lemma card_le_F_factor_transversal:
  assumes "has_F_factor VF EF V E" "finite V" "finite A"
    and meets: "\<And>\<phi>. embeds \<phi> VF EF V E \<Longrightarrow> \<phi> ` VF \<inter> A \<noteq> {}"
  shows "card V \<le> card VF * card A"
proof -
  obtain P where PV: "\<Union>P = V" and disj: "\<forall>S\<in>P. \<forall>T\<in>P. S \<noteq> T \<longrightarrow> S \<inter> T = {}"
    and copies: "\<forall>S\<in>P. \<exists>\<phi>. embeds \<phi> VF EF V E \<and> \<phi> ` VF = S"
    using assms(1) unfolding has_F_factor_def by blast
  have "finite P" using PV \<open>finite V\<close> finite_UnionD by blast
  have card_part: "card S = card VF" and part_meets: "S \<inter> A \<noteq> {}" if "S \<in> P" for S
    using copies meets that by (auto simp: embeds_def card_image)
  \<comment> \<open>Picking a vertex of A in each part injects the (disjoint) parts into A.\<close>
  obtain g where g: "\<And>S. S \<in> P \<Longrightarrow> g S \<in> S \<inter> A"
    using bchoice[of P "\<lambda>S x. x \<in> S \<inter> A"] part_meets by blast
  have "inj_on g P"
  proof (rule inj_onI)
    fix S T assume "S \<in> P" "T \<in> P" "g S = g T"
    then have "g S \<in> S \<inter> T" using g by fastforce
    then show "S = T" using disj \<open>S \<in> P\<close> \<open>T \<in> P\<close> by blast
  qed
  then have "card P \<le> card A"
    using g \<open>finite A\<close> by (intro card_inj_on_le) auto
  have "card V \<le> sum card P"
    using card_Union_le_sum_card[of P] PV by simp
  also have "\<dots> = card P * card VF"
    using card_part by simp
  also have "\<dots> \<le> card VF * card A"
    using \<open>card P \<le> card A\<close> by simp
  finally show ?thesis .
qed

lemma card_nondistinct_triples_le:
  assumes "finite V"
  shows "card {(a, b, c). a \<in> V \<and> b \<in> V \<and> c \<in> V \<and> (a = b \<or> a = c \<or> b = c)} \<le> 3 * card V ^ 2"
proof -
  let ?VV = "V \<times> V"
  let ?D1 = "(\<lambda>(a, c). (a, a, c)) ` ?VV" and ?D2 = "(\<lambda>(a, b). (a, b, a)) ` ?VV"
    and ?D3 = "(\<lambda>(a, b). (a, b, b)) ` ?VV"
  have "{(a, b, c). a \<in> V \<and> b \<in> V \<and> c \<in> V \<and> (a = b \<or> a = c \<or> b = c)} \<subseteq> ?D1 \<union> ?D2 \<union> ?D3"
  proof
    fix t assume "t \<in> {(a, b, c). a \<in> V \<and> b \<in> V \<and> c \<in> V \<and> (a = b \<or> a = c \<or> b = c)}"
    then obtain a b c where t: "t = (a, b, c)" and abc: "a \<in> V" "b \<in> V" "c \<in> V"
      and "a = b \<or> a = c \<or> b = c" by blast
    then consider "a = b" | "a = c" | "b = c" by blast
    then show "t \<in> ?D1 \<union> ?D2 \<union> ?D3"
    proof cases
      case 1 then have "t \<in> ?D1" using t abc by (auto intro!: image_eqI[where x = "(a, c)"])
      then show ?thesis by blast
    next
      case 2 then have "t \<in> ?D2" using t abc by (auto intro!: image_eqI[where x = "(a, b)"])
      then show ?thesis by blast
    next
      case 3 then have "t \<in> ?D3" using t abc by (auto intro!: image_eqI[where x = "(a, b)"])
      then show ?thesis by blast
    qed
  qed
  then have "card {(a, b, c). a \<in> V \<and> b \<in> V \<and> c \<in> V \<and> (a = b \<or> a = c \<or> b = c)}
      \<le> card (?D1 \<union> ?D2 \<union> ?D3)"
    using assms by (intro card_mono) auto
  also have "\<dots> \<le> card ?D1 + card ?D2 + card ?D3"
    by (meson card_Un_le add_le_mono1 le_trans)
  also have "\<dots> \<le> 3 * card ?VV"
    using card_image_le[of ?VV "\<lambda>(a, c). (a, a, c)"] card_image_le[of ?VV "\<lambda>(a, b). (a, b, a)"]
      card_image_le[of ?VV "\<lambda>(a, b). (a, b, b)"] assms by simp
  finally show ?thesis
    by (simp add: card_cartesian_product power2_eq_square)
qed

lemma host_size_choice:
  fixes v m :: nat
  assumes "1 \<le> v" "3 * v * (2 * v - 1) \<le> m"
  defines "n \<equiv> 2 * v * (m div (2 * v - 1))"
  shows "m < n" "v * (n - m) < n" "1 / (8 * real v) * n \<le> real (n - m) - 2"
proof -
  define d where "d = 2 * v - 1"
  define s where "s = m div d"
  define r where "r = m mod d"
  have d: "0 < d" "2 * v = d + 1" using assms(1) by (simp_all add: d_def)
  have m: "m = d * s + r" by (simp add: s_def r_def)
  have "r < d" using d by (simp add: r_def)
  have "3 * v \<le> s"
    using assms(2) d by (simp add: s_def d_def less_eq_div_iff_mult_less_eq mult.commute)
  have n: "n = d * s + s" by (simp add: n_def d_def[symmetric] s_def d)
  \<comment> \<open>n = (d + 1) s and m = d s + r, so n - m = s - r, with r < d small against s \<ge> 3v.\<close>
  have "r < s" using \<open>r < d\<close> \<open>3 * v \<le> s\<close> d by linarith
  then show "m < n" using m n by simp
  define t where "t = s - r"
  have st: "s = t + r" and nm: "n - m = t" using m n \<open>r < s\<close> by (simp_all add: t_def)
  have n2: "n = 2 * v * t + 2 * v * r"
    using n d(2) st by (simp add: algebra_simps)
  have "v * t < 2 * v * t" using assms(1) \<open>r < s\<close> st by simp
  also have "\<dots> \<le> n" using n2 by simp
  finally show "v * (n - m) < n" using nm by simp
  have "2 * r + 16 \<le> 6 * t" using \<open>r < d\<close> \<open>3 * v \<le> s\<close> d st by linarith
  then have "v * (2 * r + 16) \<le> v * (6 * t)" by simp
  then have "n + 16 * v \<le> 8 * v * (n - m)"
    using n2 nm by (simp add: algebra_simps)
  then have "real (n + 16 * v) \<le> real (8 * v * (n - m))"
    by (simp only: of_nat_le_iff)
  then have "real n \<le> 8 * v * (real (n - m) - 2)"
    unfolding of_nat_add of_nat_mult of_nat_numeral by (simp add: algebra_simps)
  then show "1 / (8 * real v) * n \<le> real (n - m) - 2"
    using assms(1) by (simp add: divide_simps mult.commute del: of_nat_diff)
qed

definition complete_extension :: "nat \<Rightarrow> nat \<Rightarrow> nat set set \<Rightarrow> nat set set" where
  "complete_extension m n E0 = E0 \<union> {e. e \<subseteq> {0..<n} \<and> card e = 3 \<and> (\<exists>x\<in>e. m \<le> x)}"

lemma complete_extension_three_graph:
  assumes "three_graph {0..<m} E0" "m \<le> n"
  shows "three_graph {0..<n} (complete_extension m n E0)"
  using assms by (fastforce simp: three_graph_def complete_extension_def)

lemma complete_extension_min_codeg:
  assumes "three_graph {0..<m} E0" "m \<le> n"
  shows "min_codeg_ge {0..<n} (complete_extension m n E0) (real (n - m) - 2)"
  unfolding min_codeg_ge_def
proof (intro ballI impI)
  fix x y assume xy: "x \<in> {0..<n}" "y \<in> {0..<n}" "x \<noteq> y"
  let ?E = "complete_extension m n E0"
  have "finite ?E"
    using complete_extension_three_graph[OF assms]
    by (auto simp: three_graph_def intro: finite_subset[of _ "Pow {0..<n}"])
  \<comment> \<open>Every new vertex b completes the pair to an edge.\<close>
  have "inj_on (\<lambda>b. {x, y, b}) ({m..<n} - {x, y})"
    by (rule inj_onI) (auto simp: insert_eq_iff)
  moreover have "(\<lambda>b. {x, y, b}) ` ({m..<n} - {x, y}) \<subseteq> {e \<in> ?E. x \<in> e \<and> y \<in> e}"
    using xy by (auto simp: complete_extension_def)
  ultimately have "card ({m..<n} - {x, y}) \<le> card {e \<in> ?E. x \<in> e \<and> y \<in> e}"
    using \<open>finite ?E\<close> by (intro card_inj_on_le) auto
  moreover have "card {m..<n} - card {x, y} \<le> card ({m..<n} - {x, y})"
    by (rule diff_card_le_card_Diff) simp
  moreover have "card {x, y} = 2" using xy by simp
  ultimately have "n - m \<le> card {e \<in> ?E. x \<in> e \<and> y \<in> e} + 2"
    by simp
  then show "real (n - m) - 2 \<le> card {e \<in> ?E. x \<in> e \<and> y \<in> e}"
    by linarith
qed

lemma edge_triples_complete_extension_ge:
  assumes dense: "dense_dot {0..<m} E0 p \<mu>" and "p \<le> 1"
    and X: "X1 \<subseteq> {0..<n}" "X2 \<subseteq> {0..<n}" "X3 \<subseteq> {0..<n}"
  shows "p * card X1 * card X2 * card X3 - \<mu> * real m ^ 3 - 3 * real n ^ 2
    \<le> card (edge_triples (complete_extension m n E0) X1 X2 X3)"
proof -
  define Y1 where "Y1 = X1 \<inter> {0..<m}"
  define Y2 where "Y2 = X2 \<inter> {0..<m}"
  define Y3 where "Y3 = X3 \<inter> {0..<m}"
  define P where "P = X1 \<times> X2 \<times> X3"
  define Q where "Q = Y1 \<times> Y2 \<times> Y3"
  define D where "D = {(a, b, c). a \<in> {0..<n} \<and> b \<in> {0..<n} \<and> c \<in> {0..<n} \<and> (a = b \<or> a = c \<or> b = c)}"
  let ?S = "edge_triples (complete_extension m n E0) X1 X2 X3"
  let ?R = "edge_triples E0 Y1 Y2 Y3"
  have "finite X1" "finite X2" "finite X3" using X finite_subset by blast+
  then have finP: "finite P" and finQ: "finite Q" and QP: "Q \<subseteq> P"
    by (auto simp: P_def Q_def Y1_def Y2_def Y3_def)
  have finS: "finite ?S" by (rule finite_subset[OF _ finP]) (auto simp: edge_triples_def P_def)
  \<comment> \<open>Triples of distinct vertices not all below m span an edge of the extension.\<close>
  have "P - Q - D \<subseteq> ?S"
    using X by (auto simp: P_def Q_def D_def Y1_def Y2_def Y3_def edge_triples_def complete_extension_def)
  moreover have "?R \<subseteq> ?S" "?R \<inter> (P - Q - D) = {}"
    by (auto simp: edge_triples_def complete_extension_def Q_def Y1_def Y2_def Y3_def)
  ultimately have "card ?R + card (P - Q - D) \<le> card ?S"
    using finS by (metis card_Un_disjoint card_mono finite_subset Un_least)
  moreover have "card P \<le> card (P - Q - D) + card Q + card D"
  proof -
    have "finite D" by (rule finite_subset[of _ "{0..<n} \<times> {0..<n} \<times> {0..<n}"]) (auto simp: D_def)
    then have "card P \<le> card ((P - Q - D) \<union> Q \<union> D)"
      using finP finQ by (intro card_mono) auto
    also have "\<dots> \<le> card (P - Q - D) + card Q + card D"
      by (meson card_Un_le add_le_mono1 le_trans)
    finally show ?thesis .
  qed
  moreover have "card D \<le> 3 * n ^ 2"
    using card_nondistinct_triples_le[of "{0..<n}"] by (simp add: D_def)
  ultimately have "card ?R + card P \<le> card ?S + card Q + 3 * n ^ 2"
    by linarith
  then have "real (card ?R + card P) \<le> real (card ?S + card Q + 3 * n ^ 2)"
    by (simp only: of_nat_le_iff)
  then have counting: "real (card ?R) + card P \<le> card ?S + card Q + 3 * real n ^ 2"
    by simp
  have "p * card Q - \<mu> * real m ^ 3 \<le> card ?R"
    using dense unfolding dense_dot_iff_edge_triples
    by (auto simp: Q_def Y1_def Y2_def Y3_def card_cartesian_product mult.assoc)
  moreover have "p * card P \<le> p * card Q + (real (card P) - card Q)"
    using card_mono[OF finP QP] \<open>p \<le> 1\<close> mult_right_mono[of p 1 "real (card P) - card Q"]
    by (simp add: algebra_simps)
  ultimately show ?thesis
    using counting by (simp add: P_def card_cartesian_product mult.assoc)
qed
※
Problem to solve:
Reply by stating only how many lines in the listing hold the word "meson".

Task solution:
2